Because the biblical account consists of competing and multiple contemporary accounts much of the time, is clearly historically inaccurate sometimes, and because most of the time myths and fiction is what historians have to work with.
Of course, for miracles the historical method rules them out to start with (so, for example, historians view miraculous claims in historical documents like the gospels or
The Life of Appolonius of Tyana as either fictitious or evidence that people exaggerated or otherwise distorted/misunderstood an historical event).
Or at least it shouldn't be, and in general to the extent scientists do this there is enough competition and honesty for progress despite such failings.

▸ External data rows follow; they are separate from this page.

(* Let $(\mathcal{X},\mathcal{F},\mu)$ be a probability space, let $(\mathcal{M},\mathfrak{M})$ be a measurable space, and let $f\colon \mathcal{X}\times\mathcal{X}\to\mathcal{M}$ be a measurable function. Assume $f$ is antisymmetric in the following sense: there is a measurable map $i\colon\mathcal{M}\to\mathcal{M}$ with $i(i(m))=m$ for every $m\in\mathcal{M}$ and $f(x,y)=i(f(y,x))$ for all $x,y\in\mathcal{X}$. Let $X$ and $Y$ be independent random variables with law $\mu$ and put $F=f(X,Y)$. (1) If $F$ and $Y$ are independent, then $X$ and $F$ are also independent; hence $X$, $Y$, $F$ are pairwise independent. (2) If $X$ and $F$ are independent, then $F$ and $Y$ are also independent; hence $X$, $Y$, $F$ are pairwise independent. Moreover, whenever $X,Y,F$ are pairwise independent (in particular in cases (1) and (2)), the following hold: (Hex$'$) for every balanced decomposition $(\mu_0,\mu_1)$ of $\mu$, if for $i=0,1$ the pair $(X_i,Y_i)$ consists of independent random variables each of law $\mu_i$ and $F_i=f(X_i,Y_i)$, then $F_0$ and $F_1$ have the same distribution on $\mathcal{M}$; (Hex$''$) for any two balanced decompositions $(\mu_0,\mu_1)$ and $(\nu_0,\nu_1)$ of $\mu$, if for $i=0,1$, $X_i$ has law $\mu_i$, $Y_i$ has law $\nu_i$, $X_i$ and $Y_i$ are independent, and $F_i=f(X_i,Y_i)$, then $F_0$ and $F_1$ have the same distribution on $\mathcal{M}$.
   Context: A balanced decomposition of a probability measure $\mu$ is a pair $(\mu_0,\mu_1)$ of probability measures on the same space such that $\mu_0+\mu_1=2\mu$. Random variables $X,Y,F$ are pairwise independent if each of the pairs $(X,Y)$, $(X,F)$, $(Y,F)$ is independent. *)

theory Defs
  imports "HOL-Probability.Probability"
begin
lemma I1_split_at:
  assumes "I1 \<phi>" "0 < r" "r < 1"
  shows "I1 (\<phi> \<circ> (\<lambda>t. r * t))" "I1 (\<phi> \<circ> (\<lambda>t. r + (1 - r) * t))"
    "\<forall>t\<in>{0..1}. \<phi> (r * t) \<le> \<phi> r" "\<forall>t\<in>{0..1}. \<phi> r \<le> \<phi> (r + (1 - r) * t)"
    "\<forall>t\<in>{0..1}. \<phi> t = concat_at r (\<phi> \<circ> (\<lambda>t. r * t)) (\<phi> \<circ> (\<lambda>t. r + (1 - r) * t)) t"
proof -
  have "I1 (\<lambda>t. r * t)" "I1 (\<lambda>t. r + (1 - r) * t)"
    using I1_affine[of 0 r] I1_affine[of r 1] assms by simp_all
  then show "I1 (\<phi> \<circ> (\<lambda>t. r * t))" "I1 (\<phi> \<circ> (\<lambda>t. r + (1 - r) * t))"
    using I1_comp[OF \<open>I1 \<phi>\<close>] by blast+
  have bounds: "r * t \<in> {0..1}" "r * t \<le> r" "r + (1 - r) * t \<in> {0..1}" "r \<le> r + (1 - r) * t"
    if "t \<in> {0..1}" for t
  proof -
    have "0 \<le> t" "t \<le> 1"
      using that by simp_all
    then show "r * t \<in> {0..1}" "r * t \<le> r" "r + (1 - r) * t \<in> {0..1}" "r \<le> r + (1 - r) * t"
      unfolding atLeastAtMost_iff
      using mult_left_le[of t r] mult_left_le[of t "1 - r"] mult_nonneg_nonneg[of r t]
        mult_nonneg_nonneg[of "1 - r" t] assms
      by linarith+
  qed
  have "r \<in> {0..1}"
    using assms by simp
  show "\<forall>t\<in>{0..1}. \<phi> (r * t) \<le> \<phi> r"
    using I1_mono[OF \<open>I1 \<phi>\<close> bounds(1) \<open>r \<in> {0..1}\<close> bounds(2)] by blast
  show "\<forall>t\<in>{0..1}. \<phi> r \<le> \<phi> (r + (1 - r) * t)"
    using I1_mono[OF \<open>I1 \<phi>\<close> \<open>r \<in> {0..1}\<close> bounds(3) bounds(4)] by blast
  have "r * (t / r) = t" "r + (1 - r) * ((t - r) / (1 - r)) = t" for t
    using assms by simp_all
  then show "\<forall>t\<in>{0..1}. \<phi> t = concat_at r (\<phi> \<circ> (\<lambda>t. r * t)) (\<phi> \<circ> (\<lambda>t. r + (1 - r) * t)) t"
    by (simp add: concat_at_def)
qed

It doesn't work anything like this. Hypotheses are generated from theories to extend theories and tested (with conclusions interpreted in light of) findings. These are then reviewed and published (usually only if the results are positive, unfortunately, as failed experiments should be published but aren't because we too often 1) know that nobody's career is furthered by publishing failures and 2) we still hope that things didn't work because we need to tweak the experimental design). Most of the time, they are never replicated and often even replication isn't actually replication but another test of the same idea under different conditions. Finally, we never ask "please test this" and lately problems with sharing data in order to facilitate replication ha become an issue, particularly in politically charged fields like climate science.
This is also not true of much work in physics, where it is impossible to actually "test" theories the way we normally think of it as most discoveries are derived mathematically and nobody is certain of the relationship between the mathematical systems and a reality "out there". In other words, it's often hard to say what, exactly, is confirmed/verified.